Task to carry out ::
Please output exactly the lines that run from the line with "Min ((\<lambda>\<tau>. knorm" through the final line of the data, inclusive, and nothing more.

Task inputs ::
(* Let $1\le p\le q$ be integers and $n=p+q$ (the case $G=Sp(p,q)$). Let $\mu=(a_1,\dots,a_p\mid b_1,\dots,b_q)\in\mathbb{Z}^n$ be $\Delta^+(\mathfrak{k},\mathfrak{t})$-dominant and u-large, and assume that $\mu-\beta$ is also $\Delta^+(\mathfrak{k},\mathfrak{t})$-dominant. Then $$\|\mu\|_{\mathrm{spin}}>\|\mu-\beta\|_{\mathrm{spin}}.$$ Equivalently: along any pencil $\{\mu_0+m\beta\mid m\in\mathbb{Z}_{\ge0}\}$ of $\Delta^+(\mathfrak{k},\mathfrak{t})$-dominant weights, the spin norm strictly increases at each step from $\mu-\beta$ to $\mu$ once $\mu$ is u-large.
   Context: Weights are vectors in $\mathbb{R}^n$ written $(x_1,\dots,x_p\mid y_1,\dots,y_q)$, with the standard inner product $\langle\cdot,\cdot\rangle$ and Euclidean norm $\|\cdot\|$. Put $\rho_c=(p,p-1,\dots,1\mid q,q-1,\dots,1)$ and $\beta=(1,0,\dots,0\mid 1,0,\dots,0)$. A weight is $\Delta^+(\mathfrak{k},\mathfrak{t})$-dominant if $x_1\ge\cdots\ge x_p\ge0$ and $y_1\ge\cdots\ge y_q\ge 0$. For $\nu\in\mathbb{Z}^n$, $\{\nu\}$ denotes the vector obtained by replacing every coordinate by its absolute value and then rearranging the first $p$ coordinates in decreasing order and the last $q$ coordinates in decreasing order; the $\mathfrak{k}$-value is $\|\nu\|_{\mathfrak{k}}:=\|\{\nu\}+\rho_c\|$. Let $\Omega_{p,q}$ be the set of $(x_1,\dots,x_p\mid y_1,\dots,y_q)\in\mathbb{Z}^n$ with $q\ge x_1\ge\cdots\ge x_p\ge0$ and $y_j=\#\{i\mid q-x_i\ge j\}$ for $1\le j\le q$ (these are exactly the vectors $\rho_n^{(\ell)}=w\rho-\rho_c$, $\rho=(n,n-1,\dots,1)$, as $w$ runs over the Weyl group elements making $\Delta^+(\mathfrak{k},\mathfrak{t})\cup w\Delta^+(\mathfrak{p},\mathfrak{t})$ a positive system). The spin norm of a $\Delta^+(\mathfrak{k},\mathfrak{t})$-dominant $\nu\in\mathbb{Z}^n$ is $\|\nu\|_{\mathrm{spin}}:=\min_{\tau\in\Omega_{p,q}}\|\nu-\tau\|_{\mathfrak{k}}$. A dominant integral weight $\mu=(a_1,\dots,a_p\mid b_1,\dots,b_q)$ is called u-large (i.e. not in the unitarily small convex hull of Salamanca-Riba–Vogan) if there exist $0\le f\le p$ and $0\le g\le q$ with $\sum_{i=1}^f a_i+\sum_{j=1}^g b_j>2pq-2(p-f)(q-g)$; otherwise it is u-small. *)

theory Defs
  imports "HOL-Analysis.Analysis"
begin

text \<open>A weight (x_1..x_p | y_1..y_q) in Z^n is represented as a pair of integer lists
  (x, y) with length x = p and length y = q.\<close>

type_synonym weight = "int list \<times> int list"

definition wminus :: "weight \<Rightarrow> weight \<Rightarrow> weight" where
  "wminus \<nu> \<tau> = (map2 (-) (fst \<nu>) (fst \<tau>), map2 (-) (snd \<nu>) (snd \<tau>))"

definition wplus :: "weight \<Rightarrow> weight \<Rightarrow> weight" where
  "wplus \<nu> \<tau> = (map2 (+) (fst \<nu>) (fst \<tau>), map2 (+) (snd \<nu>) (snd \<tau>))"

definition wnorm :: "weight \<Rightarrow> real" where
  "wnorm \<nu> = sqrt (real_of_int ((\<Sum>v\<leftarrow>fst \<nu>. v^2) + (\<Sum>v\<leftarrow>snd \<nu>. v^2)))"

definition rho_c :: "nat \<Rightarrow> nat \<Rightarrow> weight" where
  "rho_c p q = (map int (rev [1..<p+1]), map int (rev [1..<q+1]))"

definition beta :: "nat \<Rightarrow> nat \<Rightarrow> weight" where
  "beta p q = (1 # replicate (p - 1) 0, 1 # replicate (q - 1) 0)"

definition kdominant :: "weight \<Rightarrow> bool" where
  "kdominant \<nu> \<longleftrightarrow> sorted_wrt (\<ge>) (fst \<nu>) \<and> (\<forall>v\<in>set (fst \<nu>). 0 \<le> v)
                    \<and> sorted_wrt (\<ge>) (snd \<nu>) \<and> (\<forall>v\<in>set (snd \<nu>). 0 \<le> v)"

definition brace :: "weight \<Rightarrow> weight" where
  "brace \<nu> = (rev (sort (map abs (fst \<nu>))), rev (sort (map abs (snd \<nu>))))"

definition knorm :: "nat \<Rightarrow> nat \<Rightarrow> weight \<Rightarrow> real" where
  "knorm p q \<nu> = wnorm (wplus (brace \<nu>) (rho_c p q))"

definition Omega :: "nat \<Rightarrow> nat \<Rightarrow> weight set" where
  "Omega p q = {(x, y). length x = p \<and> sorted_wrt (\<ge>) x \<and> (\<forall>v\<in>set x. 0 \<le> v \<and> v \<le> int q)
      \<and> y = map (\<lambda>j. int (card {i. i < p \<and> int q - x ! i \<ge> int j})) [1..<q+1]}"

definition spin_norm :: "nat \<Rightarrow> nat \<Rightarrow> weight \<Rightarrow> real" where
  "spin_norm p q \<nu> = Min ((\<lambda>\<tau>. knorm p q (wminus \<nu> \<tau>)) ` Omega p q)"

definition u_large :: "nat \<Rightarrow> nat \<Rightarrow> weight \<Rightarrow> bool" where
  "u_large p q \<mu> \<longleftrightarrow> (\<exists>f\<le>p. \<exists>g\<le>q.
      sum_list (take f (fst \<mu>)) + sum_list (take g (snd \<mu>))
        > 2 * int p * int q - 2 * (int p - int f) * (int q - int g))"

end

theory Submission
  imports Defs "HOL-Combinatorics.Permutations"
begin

Written response ::
  "spin_norm p q \<nu> = Min ((\<lambda>\<tau>. knorm p q (wminus \<nu> \<tau>)) ` Omega p q)"

definition u_large :: "nat \<Rightarrow> nat \<Rightarrow> weight \<Rightarrow> bool" where
  "u_large p q \<mu> \<longleftrightarrow> (\<exists>f\<le>p. \<exists>g\<le>q.
      sum_list (take f (fst \<mu>)) + sum_list (take g (snd \<mu>))
        > 2 * int p * int q - 2 * (int p - int f) * (int q - int g))"

end

theory Submission
  imports Defs "HOL-Combinatorics.Permutations"
begin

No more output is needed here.